Method 1 (simpler): PDF -> Text -> Org
-
Convert the PDF to text.
pdftotext mypdf.pdf
This produces the file:
mypdf.txt
-
Save the text file as a .org file. This can be done at least two ways:
- In emacs, opening the text file and using C-x C-w (
write-file
) and specify a .org extension - In your shell, use
mv mypdf.txt mypdf.org
and THEN open in emacs, which will now open in org mode.
- In emacs, opening the text file and using C-x C-w (
-
Use orgmode to make your edits
Method 2 (faster): PDF -> Org
If you are feeling more bold you can skip the text format altogether, either going straight to a new org file or appending to an existing org file. This method uses shell piping.
-
Convert the PDF to text.
pdftotext mypdf.pdf - >> mypdf.org
The hyphen tells pdftotext to output directly to the command line, and the » directs this output to append to or create the specified file. This produces the file: mypdf.txt
-
Use orgmode to make your edits
Note that because >>
appends, you can create an org file with preliminary data first, if you so desire, and leave a section open at the end for the text. You might want to do this if you already have notes on the file, or have already specified a title, etc.
Last step: Editing and export
Now we are back in emacs, using org mode. You should be editing the previously created file. Orgmode makes heirarchical organization simple, and also has a wide variety of export options. In particular, you can create a heading by starting a line with the number of asterisks equal to the desired heading level; note that there should be no whitespaces. You can either manually type the number of asterisks, or you can place one asterisk and use M-RIGHT and M-LEFT to automatically change the level of the heading.
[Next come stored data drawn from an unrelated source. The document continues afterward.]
lemma bij_betw_pick:
  assumes "finite S"
  shows "bij_betw (pick S) {..<card S} S"
proof -
  have inj: "inj_on (pick S) {..<card S}"
    by (rule inj_onI) (use pick_less_pick_iff in \<open>metis lessThan_iff less_irrefl nat_neq_iff\<close>)
  moreover have sub: "pick S ` {..<card S} \<subseteq> S" using pick_in_set_le by auto
  moreover have "card (pick S ` {..<card S}) = card S" using card_image[OF inj] by simp
  ultimately show ?thesis unfolding bij_betw_def using card_subset_eq[OF assms sub] by simp
qed

lemma bij_betw_Suc_pick_pred:
  assumes "finite S" "0 \<notin> S"
  shows "bij_betw (\<lambda>i. Suc (pick ((\<lambda>x. x - 1) ` S) i)) {..<card S} S"
proof -
  let ?T = "(\<lambda>x. x - 1) ` S"
  have inj: "inj_on (\<lambda>x. x - 1) S"
  proof (rule inj_onI)
    fix x y assume "x \<in> S" "y \<in> S" "x - 1 = y - 1"
    thus "x = y" using assms(2) by (cases x; cases y) auto
  qed
  have pick: "bij_betw (pick ?T) {..<card S} ?T"
    using bij_betw_pick[of ?T] assms(1) card_image[OF inj] by simp
  have "Suc (x - 1) = x" if "x \<in> S" for x using that assms(2) by (cases x) auto
  hence suc: "bij_betw Suc ?T S" by (intro bij_betw_imageI) (simp_all add: image_image)
  show ?thesis using bij_betw_trans[OF pick suc] by (simp add: comp_def)
qed

lemma skew_carrier: "A \<in> carrier_mat n n \<Longrightarrow> skew A \<in> carrier_mat n n"
  unfolding skew_def triu_def by auto

lemma skew_index:
  assumes "A \<in> carrier_mat n n" "k < n" "l < n"
  shows "skew A $$ (k, l) = (if k \<le> l then A $$ (k, l) else 0) - (if l \<le> k then A $$ (l, k) else 0)"
  using assms unfolding skew_def triu_def by auto

text \<open>Rows and columns of the block matrix are labelled by \<open>Inl e\<close> for an edge \<open>e \<in> C\<close> and
  by \<open>Inr v\<close> for a node \<open>v \<noteq> rho\<close>; this is the entry at a pair of labels.\<close>
fun block_label_entry ::
  "nat \<Rightarrow> nat \<Rightarrow> (nat \<Rightarrow> nat \<times> nat) \<Rightarrow> nat + nat \<Rightarrow> nat + nat \<Rightarrow> real" where
  "block_label_entry nv ne ed (Inl e) (Inr v) = incidence_mat nv ne ed $$ (e - 1, v - 1)"
| "block_label_entry nv ne ed (Inr v) (Inl e) = - incidence_mat nv ne ed $$ (e - 1, v - 1)"
| "block_label_entry nv ne ed (Inr u) (Inr v) =
     (if u < v then laplacian_mat nv ne ed $$ (u - 1, v - 1)
      else if v < u then - laplacian_mat nv ne ed $$ (v - 1, u - 1) else 0)"
| "block_label_entry nv ne ed (Inl e) (Inl e') = 0"

lemma block_label_entry_antisym:
  "block_label_entry nv ne ed y x = - block_label_entry nv ne ed x y"
  by (cases x; cases y) auto

context rooted_edge_set
begin

abbreviation "M \<equiv> block_mat nv ne ed C rho"
abbreviation "N \<equiv> card C + (nv - 1)"
abbreviation "labels \<equiv> C <+> ({1..nv} - {rho})"

definition edge_at :: "nat \<Rightarrow> nat" where
  "edge_at i = Suc (pick ((\<lambda>e. e - 1) ` C) i)"

definition node_at :: "nat \<Rightarrow> nat" where
  "node_at j = Suc (pick ({0..<nv} - {rho - 1}) j)"

definition label :: "nat \<Rightarrow> nat + nat" where
  "label i = (if i < card C then Inl (edge_at i) else Inr (node_at (i - card C)))"

lemma bij_edge_at: "bij_betw edge_at {..<card C} C"
  unfolding edge_at_def using bij_betw_Suc_pick_pred[OF finite_C] C by force

lemma image_pred_nodes: "(\<lambda>x. x - 1) ` ({1..nv} - {rho}) = {0..<nv} - {rho - 1}"
proof
  show "(\<lambda>x. x - 1) ` ({1..nv} - {rho}) \<subseteq> {0..<nv} - {rho - 1}" using rho by auto
  show "{0..<nv} - {rho - 1} \<subseteq> (\<lambda>x. x - 1) ` ({1..nv} - {rho})"
  proof
    fix y assume "y \<in> {0..<nv} - {rho - 1}"
    hence "Suc y \<in> {1..nv} - {rho}" "y = Suc y - 1" using rho by auto
    thus "y \<in> (\<lambda>x. x - 1) ` ({1..nv} - {rho})" by blast
  qed
qed

lemma card_pred_nodes: "card ({0..<nv} - {rho - 1}) = nv - 1"
proof -
  have "rho - 1 \<in> {0..<nv}" using rho by auto
  thus ?thesis by (simp add: card_Diff_singleton)
qed

lemma bij_node_at: "bij_betw node_at {..<nv - 1} ({1..nv} - {rho})"
proof -
  have "card ({1..nv} - {rho}) = nv - 1" using rho by simp
  thus ?thesis unfolding node_at_def
    using bij_betw_Suc_pick_pred[of "{1..nv} - {rho}"] image_pred_nodes by simp
qed

lemma node_at_less_iff: "j < nv - 1 \<Longrightarrow> k < nv - 1 \<Longrightarrow> node_at j < node_at k \<longleftrightarrow> j < k"
  unfolding node_at_def using pick_less_pick_iff card_pred_nodes by simp

lemma inj_on_label: "inj_on label {..<N}"
proof (rule inj_onI)
  fix i j assume ij: "i \<in> {..<N}" "j \<in> {..<N}" and eq: "label i = label j"
  show "i = j"
  proof (cases "i < card C"; cases "j < card C")
    assume "i < card C" "j < card C"
    thus "i = j" using eq inj_onD[OF bij_betw_imp_inj_on[OF bij_edge_at]] by (simp add: label_def)
  next
    assume "\<not> i < card C" "\<not> j < card C"
    hence "node_at (i - card C) = node_at (j - card C)" "i - card C < nv - 1" "j - card C < nv - 1"
      using eq ij by (auto simp: label_def)
    hence "i - card C = j - card C" using inj_onD[OF bij_betw_imp_inj_on[OF bij_node_at]] by simp
    thus "i = j" using \<open>\<not> i < card C\<close> \<open>\<not> j < card C\<close> by simp
  qed (use eq in \<open>simp_all add: label_def\<close>)
qed

lemma image_label: "label ` {..<N} = labels"
proof
  show "label ` {..<N} \<subseteq> labels"
  proof
    fix x assume "x \<in> label ` {..<N}"
    then obtain i where i: "i < N" "x = label i" by auto
    show "x \<in> labels"
    proof (cases "i < card C")
      case True
      hence "edge_at i \<in> C" by (intro bij_betw_apply[OF bij_edge_at]) simp
      thus ?thesis using i True by (auto simp: label_def)
    next
      case False
      hence "i - card C \<in> {..<nv - 1}" using i by auto
      hence "node_at (i - card C) \<in> {1..nv} - {rho}" by (rule bij_betw_apply[OF bij_node_at])
      thus ?thesis using i False by (auto simp: label_def)
    qed
  qed
  show "labels \<subseteq> label ` {..<N}"
  proof
    fix x assume "x \<in> labels"
    thus "x \<in> label ` {..<N}"
    proof (cases x)
      case (Inl e)
      hence "e \<in> edge_at ` {..<card C}"
        using \<open>x \<in> labels\<close> bij_betw_imp_surj_on[OF bij_edge_at] by auto
      then obtain i where "i < card C" "e = edge_at i" by auto
      thus ?thesis using Inl by (auto simp: label_def image_iff intro!: bexI[of _ i])
    next
      case (Inr v)
      hence "v \<in> node_at ` {..<nv - 1}"
        using \<open>x \<in> labels\<close> bij_betw_imp_surj_on[OF bij_node_at] by auto
      then obtain j where "j < nv - 1" "v = node_at j" by auto
      thus ?thesis using Inr by (auto simp: label_def image_iff intro!: bexI[of _ "card C + j"])
    qed
  qed
qed

lemma bij_label: "bij_betw label {..<N} labels"
  using inj_on_label image_label by (rule bij_betw_imageI)

lemma label_inv_into:
  assumes "x \<in> labels"
  shows "inv_into {..<N} label x < N" "label (inv_into {..<N} label x) = x"
  using assms bij_betw_inv_into_right[OF bij_label] inv_into_into[of x label "{..<N}"] image_label
  by auto

lemma card_labels: "card labels = N"
  using bij_betw_same_card[OF bij_label] by simp

lemma sum_labels:
  "(\<Sum>i<N. f (label i)) = (\<Sum>e\<in>C. f (Inl e)) + (\<Sum>v\<in>{1..nv} - {rho}. f (Inr v))"
proof -
  have "(\<Sum>i<N. f (label i)) = sum f labels" by (rule sum.reindex_bij_betw[OF bij_label])
  also have "\<dots> = sum f (Inl ` C) + sum f (Inr ` ({1..nv} - {rho}))"
    unfolding Plus_def using finite_C by (intro sum.union_disjoint) auto
  also have "\<dots> = (\<Sum>e\<in>C. f (Inl e)) + (\<Sum>v\<in>{1..nv} - {rho}. f (Inr v))"
    by (simp add: sum.reindex)
  finally show ?thesis .
qed

lemma B_C_rho_dim: "B_C_rho nv ne ed C rho \<in> carrier_mat (card C) (nv - 1)"
  and B_C_rho_index: "i < card C \<Longrightarrow> j < nv - 1 \<Longrightarrow>
    B_C_rho nv ne ed C rho $$ (i, j) = incidence_mat nv ne ed $$ (edge_at i - 1, node_at j - 1)"
proof -
  let ?I = "(\<lambda>e. e - 1) ` C" and ?J = "{0..<nv} - {rho - 1}"
  have I: "{i. i < ne \<and> i \<in> ?I} = ?I" using C by force
  have J: "{j. j < nv \<and> j \<in> ?J} = ?J" by auto
  have "inj_on (\<lambda>e. e - 1) C"
  proof (rule inj_onI)
    fix x y assume "x \<in> C" "y \<in> C" "x - 1 = y - 1"
    moreover have "1 \<le> x" "1 \<le> y" using C \<open>x \<in> C\<close> \<open>y \<in> C\<close> by auto
    ultimately show "x = y" by linarith
  qed
  hence "card ?I = card C" by (rule card_image)
  thus "B_C_rho nv ne ed C rho \<in> carrier_mat (card C) (nv - 1)"
    unfolding B_C_rho_def carrier_mat_def mem_Collect_eq dim_submatrix incidence_mat_dim I J
      card_pred_nodes by simp
  show "i < card C \<Longrightarrow> j < nv - 1 \<Longrightarrow>
    B_C_rho nv ne ed C rho $$ (i, j) = incidence_mat nv ne ed $$ (edge_at i - 1, node_at j - 1)"
    unfolding B_C_rho_def edge_at_def node_at_def using \<open>card ?I = card C\<close>
    by (subst submatrix_index) (simp_all only: incidence_mat_dim I J card_pred_nodes diff_Suc_1)
qed

lemma L_rho_rho_dim: "L_rho_rho nv ne ed rho \<in> carrier_mat (nv - 1) (nv - 1)"
  and L_rho_rho_index: "k < nv - 1 \<Longrightarrow> l < nv - 1 \<Longrightarrow>
    L_rho_rho nv ne ed rho $$ (k, l) = laplacian_mat nv ne ed $$ (node_at k - 1, node_at l - 1)"
proof -
  have J: "{j. j < nv \<and> j \<in> {0..<nv} - {rho - 1}} = {0..<nv} - {rho - 1}" by auto
  show "L_rho_rho nv ne ed rho \<in> carrier_mat (nv - 1) (nv - 1)"
    unfolding L_rho_rho_def carrier_mat_def mem_Collect_eq dim_submatrix laplacian_mat_dim J
      card_pred_nodes by simp
  show "k < nv - 1 \<Longrightarrow> l < nv - 1 \<Longrightarrow>
    L_rho_rho nv ne ed rho $$ (k, l) = laplacian_mat nv ne ed $$ (node_at k - 1, node_at l - 1)"
    unfolding L_rho_rho_def node_at_def
    by (subst submatrix_index) (simp_all only: laplacian_mat_dim J card_pred_nodes diff_Suc_1)
qed

lemma block_mat_carrier: "M \<in> carrier_mat N N"
  unfolding block_mat_def
  by (rule four_block_carrier_mat[OF zero_carrier_mat skew_carrier[OF L_rho_rho_dim]])

lemma block_mat_four_block_index:
  assumes "i < N" "j < N"
  shows "M $$ (i, j) = (if i < card C then if j < card C then 0
      else B_C_rho nv ne ed C rho $$ (i, j - card C)
      else if j < card C then - B_C_rho nv ne ed C rho $$ (j, i - card C)
      else skew (L_rho_rho nv ne ed rho) $$ (i - card C, j - card C))"
proof -
  let ?B = "B_C_rho nv ne ed C rho" and ?L = "L_rho_rho nv ne ed rho"
  have dims: "dim_row (0\<^sub>m (card C) (card C) :: real mat) = card C"
    "dim_col (0\<^sub>m (card C) (card C) :: real mat) = card C"
    "dim_row (skew ?L) = nv - 1" "dim_col (skew ?L) = nv - 1"
    "dim_row ?B = card C" "dim_col ?B = nv - 1"
    using skew_carrier[OF L_rho_rho_dim] B_C_rho_dim by auto
  have "M $$ (i, j) = (if i < card C then if j < card C then 0\<^sub>m (card C) (card C) $$ (i, j)
      else ?B $$ (i, j - card C)
      else if j < card C then (- transpose_mat ?B) $$ (i - card C, j)
      else skew ?L $$ (i - card C, j - card C))"
    unfolding block_mat_def index_mat_four_block(1)[of i "0\<^sub>m (card C) (card C)" "skew ?L" j ?B
        "- transpose_mat ?B", unfolded dims, OF assms] dims ..
  moreover have "\<not> i < card C \<Longrightarrow> i - card C < nv - 1" using assms(1) by linarith
  ultimately show ?thesis using assms dims by auto
qed

lemma block_mat_index:
  assumes "i < N" "j < N"
  shows "M $$ (i, j) = block_label_entry nv ne ed (label i) (label j)"
proof (cases "i < card C"; cases "j < card C")
  assume "\<not> i < card C" "\<not> j < card C"
  hence k: "i - card C < nv - 1" "j - card C < nv - 1" using assms by auto
  have "label i = Inr (node_at (i - card C))" "label j = Inr (node_at (j - card C))"
    using \<open>\<not> i < card C\<close> \<open>\<not> j < card C\<close> by (simp_all add: label_def)
  thus ?thesis
    unfolding block_mat_four_block_index[OF assms] skew_index[OF L_rho_rho_dim k]
      L_rho_rho_index[OF k] L_rho_rho_index[OF k(2,1)]
    using \<open>\<not> i < card C\<close> \<open>\<not> j < card C\<close> node_at_less_iff[OF k] node_at_less_iff[OF k(2,1)]
    by auto
qed (use assms in \<open>simp_all add: block_mat_four_block_index label_def B_C_rho_index\<close>)

lemma transpose_block_mat: "transpose_mat M = - M"
proof (rule eq_matI)
  fix i j assume "i < dim_row (- M)" "j < dim_col (- M)"
  hence ij: "i < N" "j < N" using block_mat_carrier by auto
  have "transpose_mat M $$ (i, j) = M $$ (j, i)" using ij block_mat_carrier by simp
  also have "\<dots> = - block_label_entry nv ne ed (label i) (label j)"
    unfolding block_mat_index[OF ij(2,1)] by (rule block_label_entry_antisym)
  also have "\<dots> = (- M) $$ (i, j)" using ij block_mat_carrier block_mat_index[OF ij] by simp
  finally show "transpose_mat M $$ (i, j) = (- M) $$ (i, j)" .
qed (use block_mat_carrier in auto)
In addition, the six text mark-up options covered in a previous video for bold, italics, etc. are all possible if necessary.
Once you’ve edited the content as you wish, there are a couple of head-line options you may need.
Specifying a title and/or authors
Orgmode allows you to preface your document as follows to specify an export title and authors fields, which will be specially handled by whatever format you choose for export.
#+TITLE: My paper
#+AUTHOR: Tory S. Anderson, Org Mode, PDFToText
Disabling header numbering
By default, orgmode exports your documents with sections numbered like 1.2.1, that is, .. and so on. Sometimes this is very handy, but other times I want unnumbered sections. This is accomplished by adding the following line to the header items.
#+OPTIONS: num:nil
Exporting
All in all, your file should now look something like this:
#+TITLE: My paper
#+AUTHOR: Tory S. Anderson, Org Mode, PDFToText
#+OPTIONS: num:nil
* Introduction
Intro text under level 1 header
** The chief problem
Sample excerpt
*** specially applying to
Text for Level 3 header, etc
Once you’ve tailored and annotated your document to you liking, you can choose from Orgmode’s extensive export options using:
C-c C-e and the resulting menu will guide you through a selection process. Note that if the format you want isn’t listed, it may need to be added. Some of what I add in my emacs init file can be seen below.
;; Org to HTML export
(setq
;; remove preamble
org-html-preamble nil
;; remove "made with org"
org-html-postamble nil
;; remove table of contents
org-export-with-toc nil)
(eval-after-load "org"
'(require 'ox-odt nil t)) ;; enable export to ODT
(eval-after-load "org"
'(require 'ox-md nil t)) ;; enable export to Markdown
(eval-after-load "org"
'(require 'ox-beamer nil t)) ;; enable export to Beamer Latex PDF slideshow
Please be aware that with orgmode exporting, as with all things emacs, you have a huge degree of options and customizability; for all your other needs, you are encouraged to check out the manual section on exporting in orgmode, here.
Other Notes
- Linebreaks will be exported on lines separated by one or more empty lines
- Images can be exported, as shown at the end of my previous YouTube Video or its accompanying blog post.